-- EXTRACTED ENTRIES --
lemma leaf_diag_gap:
  assumes "j \<in> leaves (ci_graph S1)" "separates (ci_graph S2) j a c"
  shows "1 / matrix_inv S1 $ j $ j \<le> S1$j$j - S2$j$j"
proof -
  obtain b where b: "{y. ci_graph S1 j y} = {b}"
    using assms(1) by (auto simp: leaves_def card_1_singleton_iff)
  have "j \<noteq> b" using b S1.adjacent_neq by blast
  have "a \<noteq> j" "c \<noteq> j" "a \<noteq> c" using assms(2) by (auto simp: separates_def)
  have factor: "S1$j$x * S1$b$b = S1$j$b * S1$b$x" if "x \<noteq> j" for x
  proof (cases "x = b")
    case False
    have "separates (ci_graph S1) b j x"
      using leaf_separates[of "ci_graph S1" j b x] b \<open>j \<noteq> b\<close> that False by blast
    then show ?thesis by (rule cov_separates[OF S1.pos_def_S])
  qed simp
  have bb: "S1$b$b > 0" using S1.pos_def_S by (rule pos_def_diag_pos)
  have "S2$j$j * \<bar>S1$a$c\<bar> * S1$b$b = \<bar>S1$j$a * S1$j$c\<bar> * S1$b$b"
    using S2.cov_separates_abs[OF assms(2)] offdiag_eq \<open>a \<noteq> j\<close> \<open>c \<noteq> j\<close> \<open>a \<noteq> c\<close>
      pos_def_sym[OF S1.pos_def_S, of a j] by simp
  also have "\<dots> \<le> (S1$j$b)^2 * \<bar>S1$a$c\<bar>"
    using factor[OF \<open>a \<noteq> j\<close>] factor[OF \<open>c \<noteq> j\<close>] S1.cov_bound[of a b c] bb
      pos_def_sym[OF S1.pos_def_S, of a b]
    by (intro abs_mult_le_through[where p = "S1$b$a" and q = "S1$b$c"]) simp_all
  finally have "S2$j$j \<le> (S1$j$b)^2 / S1$b$b"
    using S1.cov_nonzero[of a c] bb by (simp add: field_simps)
  then show ?thesis using leaf_inv_diag[OF S1.pos_def_S b] by simp
qed

lemma inner_vertex_transfer:
  assumes inner_S2_imp_S1: "\<And>v. inner_vertex (ci_graph S2) v \<Longrightarrow> inner_vertex (ci_graph S1) v"
    and "inner_vertex (ci_graph S1) j"
  shows "inner_vertex (ci_graph S2) j"
proof (rule ccontr)
  assume not_inner: "\<not> inner_vertex (ci_graph S2) j"
  obtain i k where sep: "separates (ci_graph S1) j i k"
    using assms(2) unfolding inner_vertex_def by blast
  then have "i \<noteq> j" by (simp add: separates_def)
  with not_inner have "j \<in> leaves (ci_graph S2)" by (rule S2.leaf_if_not_inner[rotated])
  then obtain c where c: "{y. ci_graph S2 j y} = {c}"
    by (auto simp: leaves_def card_1_singleton_iff)
  then have only_c: "\<And>y. ci_graph S2 j y \<Longrightarrow> y = c" and "ci_graph S2 j c" by auto
  from \<open>ci_graph S2 j c\<close> have "j \<noteq> c" by (rule S2.adjacent_neq)
  obtain a a' where "a \<noteq> a'" "ci_graph S1 j a" "ci_graph S1 j a'"
    using S1.separator_has_two_neighbours[OF sep] by blast
  then obtain a where a: "ci_graph S1 j a" "a \<noteq> c" by blast
  have "a \<noteq> j" using a(1) by (rule S1.adjacent_neq[symmetric])
  have sep2: "separates (ci_graph S2) c j a"
    by (rule leaf_separates[OF only_c \<open>j \<noteq> c\<close> \<open>a \<noteq> j\<close> a(2)])
  then have "inner_vertex (ci_graph S2) c" unfolding inner_vertex_def by blast
  moreover from this have "inner_vertex (ci_graph S1) c" by (rule inner_S2_imp_S1)
  ultimately have "S1$c$c = S2$c$c" by (intro diag_eq_if_inner)
  with sep2 have "separates (ci_graph S1) c j a" by (simp add: separates_iff_if_diag_eq)
  then show False using adjacent_not_separated[of "ci_graph S1" j a c] a(1) by blast
qed

lemma ci_graph_eq_if_inner_vertices_eq:
  assumes inner_eq: "\<And>v. inner_vertex (ci_graph S1) v \<longleftrightarrow> inner_vertex (ci_graph S2) v"
  shows "ci_graph S1 = ci_graph S2"
proof -
  have separates_eq: "separates (ci_graph S1) j i k \<longleftrightarrow> separates (ci_graph S2) j i k" for i j k
  proof (cases "inner_vertex (ci_graph S1) j")
    case True
    then have "S1$j$j = S2$j$j" using diag_eq_if_inner inner_eq by blast
    then show ?thesis by (rule separates_iff_if_diag_eq)
  next
    case False
    then have "\<not> inner_vertex (ci_graph S2) j" using inner_eq by blast
    with False show ?thesis unfolding inner_vertex_def by blast
  qed
  show ?thesis
  proof (intro ext)
    show "ci_graph S1 i k = ci_graph S2 i k" for i k
      using S1.adjacent_iff_not_separated[of i k] S2.adjacent_iff_not_separated[of i k] separates_eq
      by presburger
  qed
qed

end

theorem theorem3:
  fixes S_star D_star S' D' :: "real^'n^'n"
  assumes pd_star: "pos_def S_star"
    and tree_star: "is_tree (ci_graph S_star)"
    and D_star_diag: "diag_mat D_star"
    and D_star_nonneg: "\<forall>i. D_star $ i $ i \<ge> 0"
    and D_star_leaf: "\<forall>a \<in> leaves (ci_graph S_star). D_star $ a $ a < 1 / (matrix_inv S_star $ a $ a)"
    and pd': "pos_def S'"
    and tree': "is_tree (ci_graph S')"
    and D'_diag: "diag_mat D'"
    and D'_nonneg: "\<forall>i. D' $ i $ i \<ge> 0"
    and D'_leaf: "\<forall>a \<in> leaves (ci_graph S_star). D' $ a $ a < 1 / (matrix_inv S_star $ a $ a)"
    and decomp: "S_star + D_star = S' + D'"
  shows "ci_graph S' = ci_graph S_star"
proof -
  have entries: "S_star $ x $ y + D_star $ x $ y = S' $ x $ y + D' $ x $ y" for x y
    using arg_cong[OF decomp, of "\<lambda>M. M $ x $ y"] by simp
  interpret tree_covariance_pair S_star S'
  proof unfold_locales
    show "S_star $ x $ y = S' $ x $ y" if "x \<noteq> y" for x y
      using entries[of x y] D_star_diag D'_diag that by (simp add: diag_mat_def)
  qed (fact pd_star tree_star pd' tree')+
  have inner_star_if_inner': "inner_vertex (ci_graph S_star) j"
    if inner': "inner_vertex (ci_graph S') j" for j
  proof (rule ccontr)
    assume "\<not> inner_vertex (ci_graph S_star) j"
    moreover obtain a c where sep: "separates (ci_graph S') j a c"
      using inner' by (auto simp: inner_vertex_def)
    ultimately have leaf: "j \<in> leaves (ci_graph S_star)"
      by (intro S1.leaf_if_not_inner[of a]) (simp_all add: separates_def)
    have "1 / matrix_inv S_star $ j $ j \<le> S_star$j$j - S'$j$j" by (rule leaf_diag_gap[OF leaf sep])
    also have "\<dots> \<le> D'$j$j" using entries[of j j] D_star_nonneg by (metis le_add_same_cancel2 diff_le_eq add.commute)
    finally show False using D'_leaf leaf by (simp add: not_le[symmetric])
  qed
  then have "inner_vertex (ci_graph S_star) j \<longleftrightarrow> inner_vertex (ci_graph S') j" for j
    using inner_vertex_transfer by blast
  then show ?thesis using ci_graph_eq_if_inner_vertices_eq by simp
qed

end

-- BRIEF --
Every line of the listing that holds the string "ccontr" counts once. Give the total alone.

-- ANSWER SPACE --
2